● **Saved data entries**
****************

(* Let $\mathbb{K}$ be a non-Archimedean valued field and $G$ a compactly generated topological group. Then for every normed $\mathbb{K}[G]$-module $E$, the comparison map $c^2 : H^2_{cb}(G, E) \to H^2_c(G, E)$ is injective.
   Context: A non-Archimedean valued field is a field with an absolute value satisfying the ultrametric inequality. A normed $\mathbb{K}[G]$-module is a $\mathbb{K}$-vector space with an ultrametric norm ($\|x\|=0$ iff $x=0$, $\|x+y\|\le\max$, $\|\alpha x\|=|\alpha|_\mathbb{K}\|x\|$) on which $G$ acts by linear isometries. Bar resolution: $\overline{C}^0(G,E)=\overline{C}^0_b(G,E)=E$, and for $n\ge1$, $\overline{C}^n(G,E)$ is the space of continuous maps $G^n\to E$ and $\overline{C}^n_b(G,E)$ its subspace of bounded ones; coboundary $\delta^0v(g)=g\cdot v-v$ and $\delta^nf(g_1,\dots,g_{n+1})=g_1\cdot f(g_2,\dots,g_{n+1})+\sum_{i=1}^n(-1)^if(g_1,\dots,g_ig_{i+1},\dots,g_{n+1})+(-1)^{n+1}f(g_1,\dots,g_n)$. $H^\bullet_c(G,E)$ and $H^\bullet_{cb}(G,E)$ are the cohomologies of these complexes, and the comparison map $c^\bullet$ is induced by the inclusion $\overline{C}^\bullet_b\subset\overline{C}^\bullet$. *)

theory Defs
  imports "HOL-Analysis.Analysis" "HOL-Algebra.Generated_Groups"
begin

definition nonarch_absval :: "('k::field \<Rightarrow> real) \<Rightarrow> bool" where
  "nonarch_absval av \<longleftrightarrow>
     (\<forall>x. 0 \<le> av x) \<and> (\<forall>x. av x = 0 \<longleftrightarrow> x = 0) \<and>
     (\<forall>x y. av (x * y) = av x * av y) \<and>
     (\<forall>x y. av (x + y) \<le> max (av x) (av y))"

definition topological_group :: "('g, 'b) monoid_scheme \<Rightarrow> 'g topology \<Rightarrow> bool" where
  "topological_group G T \<longleftrightarrow> group G \<and> topspace T = carrier G \<and>
     continuous_map (prod_topology T T) T (\<lambda>p. fst p \<otimes>\<^bsub>G\<^esub> snd p) \<and>
     continuous_map T T (\<lambda>x. inv\<^bsub>G\<^esub> x)"

definition compactly_generated :: "('g, 'b) monoid_scheme \<Rightarrow> 'g topology \<Rightarrow> bool" where
  "compactly_generated G T \<longleftrightarrow> (\<exists>K. compactin T K \<and> generate G K = carrier G)"
(* Let $A\subseteq\mathcal{R}$ be outer measurable and let $I$ be an interval in $\mathcal{R}$. Then $A\cap I$ is outer measurable.
   Context: $\mathcal{R}$ denotes the Levi-Civita field: functions $x:\mathbb{Q}\to\mathbb{R}$ with left-finite support, with componentwise addition and formal power series multiplication, ordered by $x>0$ iff $x\ne0$ and $x[\min\operatorname{supp}x]>0$; it is a non-Archimedean ordered field extension of $\mathbb{R}$, Cauchy complete in the order topology, in which all limits and series are taken (a series $\sum a_n$ converges iff $a_n\to0$). An interval is a set $[a,b],[a,b),(a,b]$ or $(a,b)$ with $a<b$ in $\mathcal{R}$, of length $l=b-a$. A cover of $A\subseteq\mathcal{R}$ is a sequence of intervals $(S_n)_{n\ge1}$ with $A\subseteq\bigcup_n S_n$ and $\sum_n l(S_n)$ convergent in $\mathcal{R}$. $A$ is called outer measurable if the infimum $\inf\{\sum_n l(S_n): (S_n)\text{ a cover of }A\}$ exists in $\mathcal{R}$; this infimum is then called the outer measure $M_u(A)$. *)

theory Defs
  imports Complex_Main
begin

text \<open>The Levi-Civita field: functions from the rationals to the reals with
left-finite support (for every q only finitely many support points are \<le> q).\<close>

typedef lc = "{x :: rat \<Rightarrow> real. \<forall>q. finite {r. r \<le> q \<and> x r \<noteq> 0}}"
  by (rule exI[of _ "\<lambda>_. 0"]) simp
(* Let $f:\mathbb{R}^d\to\mathbb{R}$ be convex and differentiable with $L$-Lipschitz gradient ($\|\nabla f(x)-\nabla f(y)\|\le L\|x-y\|$ for all $x,y$), and suppose $X^*\neq\emptyset$. Run the Proximal Bundle Method with parameter $\beta\in(0,1)$ and constant stepsize $\rho_k=\rho>0$. Let $D^2=\sup_k\mathrm{dist}(x_k,X^* )^2$ and assume $0<D^2<\infty$. Then for any $0<\epsilon\le f(x_0)-f^*$, the number of descent steps taken before an $\epsilon$-minimizer is found is at most $$N:=\frac{2\rho D^2}{\beta\epsilon}+\left\lceil\frac{2\log\left(\frac{f(x_0)-f^*}{\rho D^2}\right)}{\beta}\right\rceil_+,$$ and the number of null steps taken before then is at most $$\frac{16(L+\rho)^3}{(1-\beta)^2\rho^3}\left(N+1\right).$$
   Context: Throughout, $f:\mathbb{R}^d\to\mathbb{R}$ is a proper closed convex function attaining its minimum $f^*=\inf f$ on the nonempty set $X^*=\{x: f(x)=f^*\}$; $\mathrm{dist}(x,S)=\inf_{y\in S}\|x-y\|$; $\partial f(x)$ is the convex subdifferential; $\lceil a\rceil_+=\max\{\lceil a\rceil,0\}$. A subgradient oracle returns, for any $x$, the value $f(x)$ and some $g(x)\in\partial f(x)$. Proximal Bundle Method: fix $\beta\in(0,1)$, $x_0=z_0\in\mathbb{R}^d$, $g_0=g(x_0)$, and the initial model $f_0(x)=f(x_0)+\langle g_0,x-x_0\rangle$. At iteration $k\ge0$, given a convex model $f_k:\mathbb{R}^d\to\mathbb{R}$ and stepsize $\rho_k>0$, compute $z_{k+1}=\operatorname{argmin}_z f_k(z)+\frac{\rho_k}{2}\|z-x_k\|^2$. If $\beta(f(x_k)-f_k(z_{k+1}))\le f(x_k)-f(z_{k+1})$, iteration $k$ is a descent step and $x_{k+1}=z_{k+1}$; otherwise it is a null step and $x_{k+1}=x_k$. Then a new convex model $f_{k+1}$ and stepsize $\rho_{k+1}$ are chosen satisfying, with $g_{k+1}=g(z_{k+1})$ and $s_{k+1}=\rho_k(x_k-z_{k+1})$: (1) $f_{k+1}(x)\le f(x)$ for all $x$; (2) $f_{k+1}(x)\ge f(z_{k+1})+\langle g_{k+1},x-z_{k+1}\rangle$ for all $x$; (3) if iteration $k$ was a null step, $f_{k+1}(x)\ge f_k(z_{k+1})+\langle s_{k+1},x-z_{k+1}\rangle$ for all $x$; (4) if iteration $k$ was a null step, $\rho_{k+1}\ge\rho_k$. An $\epsilon$-minimizer is a point $x$ with $f(x)-f^*\le\epsilon$. *)

theory Defs
  imports "HOL-Analysis.Analysis"
begin

definition subdiff :: "('a::real_inner \<Rightarrow> real) \<Rightarrow> 'a \<Rightarrow> 'a set" where
  "subdiff f x = {g. \<forall>y. f y \<ge> f x + inner g (y - x)}"

definition ceil_plus :: "real \<Rightarrow> int" where
  "ceil_plus a = max (ceiling a) 0"

definition pbm_descent :: "('a \<Rightarrow> real) \<Rightarrow> real \<Rightarrow> (nat \<Rightarrow> 'a) \<Rightarrow> (nat \<Rightarrow> 'a)
    \<Rightarrow> (nat \<Rightarrow> 'a \<Rightarrow> real) \<Rightarrow> nat \<Rightarrow> bool" where
  "pbm_descent f \<beta> x z fm k \<longleftrightarrow>
     \<beta> * (f (x k) - fm k (z (Suc k))) \<le> f (x k) - f (z (Suc k))"

definition is_pbm_run :: "('a::real_inner \<Rightarrow> real) \<Rightarrow> ('a \<Rightarrow> 'a) \<Rightarrow> real \<Rightarrow> real
    \<Rightarrow> (nat \<Rightarrow> 'a) \<Rightarrow> (nat \<Rightarrow> 'a) \<Rightarrow> (nat \<Rightarrow> 'a \<Rightarrow> real) \<Rightarrow> bool" where
  "is_pbm_run f g \<beta> \<rho> x z fm \<longleftrightarrow>
     z 0 = x 0 \<and>
     fm 0 = (\<lambda>y. f (x 0) + inner (g (x 0)) (y - x 0)) \<and>
     (\<forall>k. convex_on UNIV (fm k)) \<and>
     (\<forall>k. \<forall>y. fm k (z (Suc k)) + \<rho> / 2 * (norm (z (Suc k) - x k))\<^sup>2
                 \<le> fm k y + \<rho> / 2 * (norm (y - x k))\<^sup>2) \<and>
     (\<forall>k. x (Suc k) = (if pbm_descent f \<beta> x z fm k then z (Suc k) else x k)) \<and>
     (\<forall>k y. fm (Suc k) y \<le> f y) \<and>
     (\<forall>k y. fm (Suc k) y \<ge> f (z (Suc k)) + inner (g (z (Suc k))) (y - z (Suc k))) \<and>
     (\<forall>k y. \<not> pbm_descent f \<beta> x z fm k \<longrightarrow>
        fm (Suc k) y \<ge> fm k (z (Suc k)) + inner (\<rho> *\<^sub>R (x k - z (Suc k))) (y - z (Suc k)))"

end

theory Submission
  imports Defs
begin

text \<open>Descent steps: the proximal step compares favourably with every point of the segment from
  x_k to a nearest minimizer, so each descent step shrinks the optimality gap a_k by the factor
  1 - \<beta>/2 while a_k > \<rho> D^2 (at most the logarithmic term many steps), and afterwards by
  \<beta> a_k^2 / (2 \<rho> D^2), which makes 1/a_k grow linearly (at most 2 \<rho> D^2 / (\<beta> \<epsilon>) steps).
  Null steps: during a run of null steps at a fixed centre X, the value of the proximal subproblem
  rises by a fixed fraction of its gap to f(X); that gap stays at least |\<nabla>f(X)|^2 / (2(2L + \<rho>)),
  while right after the descent step that produced X it is at most |\<nabla>f(X)|^2 / (2\<rho>). Hence
  every run of null steps has length at most 4L(\<rho> + 4L) / ((1 - \<beta>) \<rho>^2), and there is one
  run per descent step plus the initial one.\<close>

lemma lipschitz_gradient_upper_bound:
  fixes f :: "'a::real_inner \<Rightarrow> real" and grad :: "'a \<Rightarrow> 'a"
  assumes grad: "\<forall>y. (f has_derivative (\<lambda>h. inner (grad y) h)) (at y)"
    and lip: "\<forall>u v. norm (grad u - grad v) \<le> L * norm (u - v)"
    and L: "L \<ge> 0"
  shows "f y \<le> f z + inner (grad z) (y - z) + L * (norm (y - z))\<^sup>2"
proof -
  define d where "d = y - z"
  define \<psi> where "\<psi> t = f (z + t *\<^sub>R d) - t * inner (grad z) d" for t
  have der: "(\<psi> has_derivative (\<lambda>h. inner (grad (z + t *\<^sub>R d)) (h *\<^sub>R d) - h * inner (grad z) d)) (at t)"
    for t
  proof -
    have "((\<lambda>t. z + t *\<^sub>R d) has_derivative (\<lambda>h. h *\<^sub>R d)) (at t)"
      by (auto intro!: derivative_eq_intros)
    from has_derivative_compose[OF this grad[rule_format, of "z + t *\<^sub>R d"]]
    have "((\<lambda>t. f (z + t *\<^sub>R d)) has_derivative (\<lambda>h. inner (grad (z + t *\<^sub>R d)) (h *\<^sub>R d))) (at t)"
      by (simp add: o_def)
    then show ?thesis unfolding \<psi>_def
      by (rule has_derivative_diff) (auto intro!: derivative_eq_intros)
  qed
  have "continuous_on {0..1} \<psi>"
    using der by (meson has_derivative_continuous continuous_at_imp_continuous_on)
  then obtain t where t: "t \<in> {0<..<1}"
    and mvt: "norm (\<psi> 1 - \<psi> 0) \<le> norm (inner (grad (z + t *\<^sub>R d)) ((1-0) *\<^sub>R d) - (1-0) * inner (grad z) d)"
    using mvt_general[of 0 1 \<psi>, OF _ _ der] by auto
  have "norm (inner (grad (z + t *\<^sub>R d)) ((1-0) *\<^sub>R d) - (1-0) * inner (grad z) d)
      = \<bar>inner (grad (z + t *\<^sub>R d) - grad z) d\<bar>"
    by (simp add: inner_diff_left)
  also have "\<dots> \<le> norm (grad (z + t *\<^sub>R d) - grad z) * norm d"
    by (rule Cauchy_Schwarz_ineq2)
  also have "\<dots> \<le> L * norm (t *\<^sub>R d) * norm d"
    using lip[rule_format, of "z + t *\<^sub>R d" z] by (intro mult_right_mono) simp_all
  also have "\<dots> \<le> L * norm d * norm d"
    using t L by (intro mult_right_mono mult_left_mono) (simp_all add: mult_left_le_one_le)
  finally have "\<psi> 1 - \<psi> 0 \<le> L * (norm d)\<^sup>2"
    using mvt by (simp add: power2_eq_square)
  then show ?thesis unfolding \<psi>_def d_def by simp
qed

lemma power2_norm_add_scaleR:
  fixes a b :: "'a::real_inner"
  shows "(norm (a + t *\<^sub>R b))\<^sup>2 = (norm a)\<^sup>2 + 2 * t * inner a b + t\<^sup>2 * (norm b)\<^sup>2"
  unfolding power2_norm_eq_inner
  by (simp add: inner_add_left inner_add_right inner_commute power2_eq_square algebra_simps)

lemma inner_add_quadratic_ge:
  fixes w d :: "'a::real_inner"
  assumes "\<rho> > 0"
  shows "inner w d + \<rho> / 2 * (norm d)\<^sup>2 \<ge> - ((norm w)\<^sup>2 / (2 * \<rho>))"
proof -
  have "0 \<le> (norm (w + \<rho> *\<^sub>R d))\<^sup>2" by simp
  also have "\<dots> = (norm w)\<^sup>2 + 2 * \<rho> * inner w d + \<rho>\<^sup>2 * (norm d)\<^sup>2"
    by (rule power2_norm_add_scaleR)
  finally show ?thesis
    using assms by (simp add: field_simps power2_eq_square)
qed

lemma norm_le_of_inner_le_quadratic:
  fixes v :: "'a::real_inner"
  assumes le: "\<And>d. inner v d \<le> e + L * (norm d)\<^sup>2" and L: "L \<ge> 0"
  shows "(norm v)\<^sup>2 \<le> 4 * L * e"
proof (cases "L > 0")
  case True
  define d where "d = (1 / (2 * L)) *\<^sub>R v"
  have "inner v d = (norm v)\<^sup>2 / (2 * L)"
    by (simp add: d_def power2_norm_eq_inner)
  moreover have "L * (norm d)\<^sup>2 = (norm v)\<^sup>2 / (4 * L)"
    using True by (simp add: d_def power2_eq_square field_simps)
  ultimately have "(norm v)\<^sup>2 / (2 * L) \<le> e + (norm v)\<^sup>2 / (4 * L)"
    using le by metis
  then show ?thesis
    using True by (simp add: field_simps)
next
  case False
  with L have "L = 0" by simp
  show ?thesis
  proof (rule ccontr)
    assume "\<not> ?thesis"
    with \<open>L = 0\<close> have "(norm v)\<^sup>2 > 0" by simp
    then have "inner v (((e + 1) / (norm v)\<^sup>2) *\<^sub>R v) = e + 1"
      by (simp add: power2_norm_eq_inner)
    then show False
      using le \<open>L = 0\<close> by (metis add.right_neutral less_add_one mult_zero_left not_le)
  qed
qed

****************

● **WHAT THE TASK REQUIRES**
All that belongs in the answer is the run of lines above from the line containing "t *\<^sub>R b))\<^sup>2" through the line containing "using True by (simp add: d_def", exactly as written.

● **COMPLETED TASK**
  shows "(norm (a + t *\<^sub>R b))\<^sup>2 = (norm a)\<^sup>2 + 2 * t * inner a b + t\<^sup>2 * (norm b)\<^sup>2"
  unfolding power2_norm_eq_inner
  by (simp add: inner_add_left inner_add_right inner_commute power2_eq_square algebra_simps)

lemma inner_add_quadratic_ge:
  fixes w d :: "'a::real_inner"
  assumes "\<rho> > 0"
  shows "inner w d + \<rho> / 2 * (norm d)\<^sup>2 \<ge> - ((norm w)\<^sup>2 / (2 * \<rho>))"
proof -
  have "0 \<le> (norm (w + \<rho> *\<^sub>R d))\<^sup>2" by simp
  also have "\<dots> = (norm w)\<^sup>2 + 2 * \<rho> * inner w d + \<rho>\<^sup>2 * (norm d)\<^sup>2"
    by (rule power2_norm_add_scaleR)
  finally show ?thesis
    using assms by (simp add: field_simps power2_eq_square)
qed

lemma norm_le_of_inner_le_quadratic:
  fixes v :: "'a::real_inner"
  assumes le: "\<And>d. inner v d \<le> e + L * (norm d)\<^sup>2" and L: "L \<ge> 0"
  shows "(norm v)\<^sup>2 \<le> 4 * L * e"
proof (cases "L > 0")
  case True
  define d where "d = (1 / (2 * L)) *\<^sub>R v"
  have "inner v d = (norm v)\<^sup>2 / (2 * L)"
    by (simp add: d_def power2_norm_eq_inner)
  moreover have "L * (norm d)\<^sup>2 = (norm v)\<^sup>2 / (4 * L)"
    using True by (simp add: d_def power2_eq_square field_simps)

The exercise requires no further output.